From the entries below, copy out every line with "imports" in it.

************

(* Let $\operatorname{sinc}(0)=1$ and $\operatorname{sinc}(t)=\frac{\sin(\pi t)}{\pi t}$ for $t\neq0$, and for a signal $x:\mathbb{R}\to\mathbb{C}$ define the Whittaker cylinder interpolation \[ Fx(t,\varphi)=\sum_{\tau\in\varphi} x(\tau)\operatorname{sinc}(t-\tau):=\lim_{N\to\infty}\sum_{\tau\in\varphi\cap[-N,N]} x(\tau)\operatorname{sinc}(t-\tau). \] Let $a=b+n$ with $n\in\mathbb{Z}$ and $b\in(-\tfrac12,\tfrac12)$, and let $x(t)=\exp(2\pi i\,a t)$. Then for all $t\in\mathbb{R}$ and $\varphi\in\mathbb{T}$, \[ Fx(t,\varphi)=\exp\!\big(2\pi i\,(b\,t+n\,\rho(\varphi))\big). \] Consequently, for any reals $v,\alpha$, the signal $z(t)=Fx(v t, c(\alpha t))$ satisfies $z(t)=\exp\!\big(2\pi i\,(b v+n\alpha)\,t\big)$ for all $t\in\mathbb{R}$.
   Context: $\mathbb{T}=\mathbb{R}/\mathbb{Z}$; $c:\mathbb{R}\to\mathbb{T}$, $c(p)=p+\mathbb{Z}$; an element $\varphi\in\mathbb{T}$ is regarded as the set of reals $\tau$ with $c(\tau)=\varphi$; $\rho:\mathbb{T}\to[0,1)$ picks the unique representative of $\varphi$ in $[0,1)$. *)

theory Defs
  imports "HOL-Analysis.Analysis"
begin

text \<open>The circle T = R/Z: an element is a coset of Z in R, i.e. a set of reals.\<close>
definition cyl :: "real \<Rightarrow> real set" where
  "cyl p = {\<tau>. \<tau> - p \<in> \<int>}"

definition torus :: "real set set" where
  "torus = range cyl"

definition rho :: "real set \<Rightarrow> real" where
  "rho \<phi> = (THE r. r \<in> \<phi> \<and> 0 \<le> r \<and> r < 1)"

definition sinc :: "real \<Rightarrow> real" where
  "sinc t = (if t = 0 then 1 else sin (pi * t) / (pi * t))"

definition whittaker_partial :: "(real \<Rightarrow> complex) \<Rightarrow> real \<Rightarrow> real set \<Rightarrow> real \<Rightarrow> complex" where
  "whittaker_partial x t \<phi> N = (\<Sum>\<tau>\<in>\<phi> \<inter> {-N..N}. x \<tau> * complex_of_real (sinc (t - \<tau>)))"

definition whittaker :: "(real \<Rightarrow> complex) \<Rightarrow> real \<Rightarrow> real set \<Rightarrow> complex" where
  "whittaker x t \<phi> = Lim at_top (whittaker_partial x t \<phi>)"

end

theory Submission
  imports Defs "HOL-Real_Asymp.Real_Asymp" "HOL-Probability.Characteristic_Functions"
begin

************

Response:
  imports "HOL-Analysis.Analysis"
  imports Defs "HOL-Real_Asymp.Real_Asymp" "HOL-Probability.Characteristic_Functions"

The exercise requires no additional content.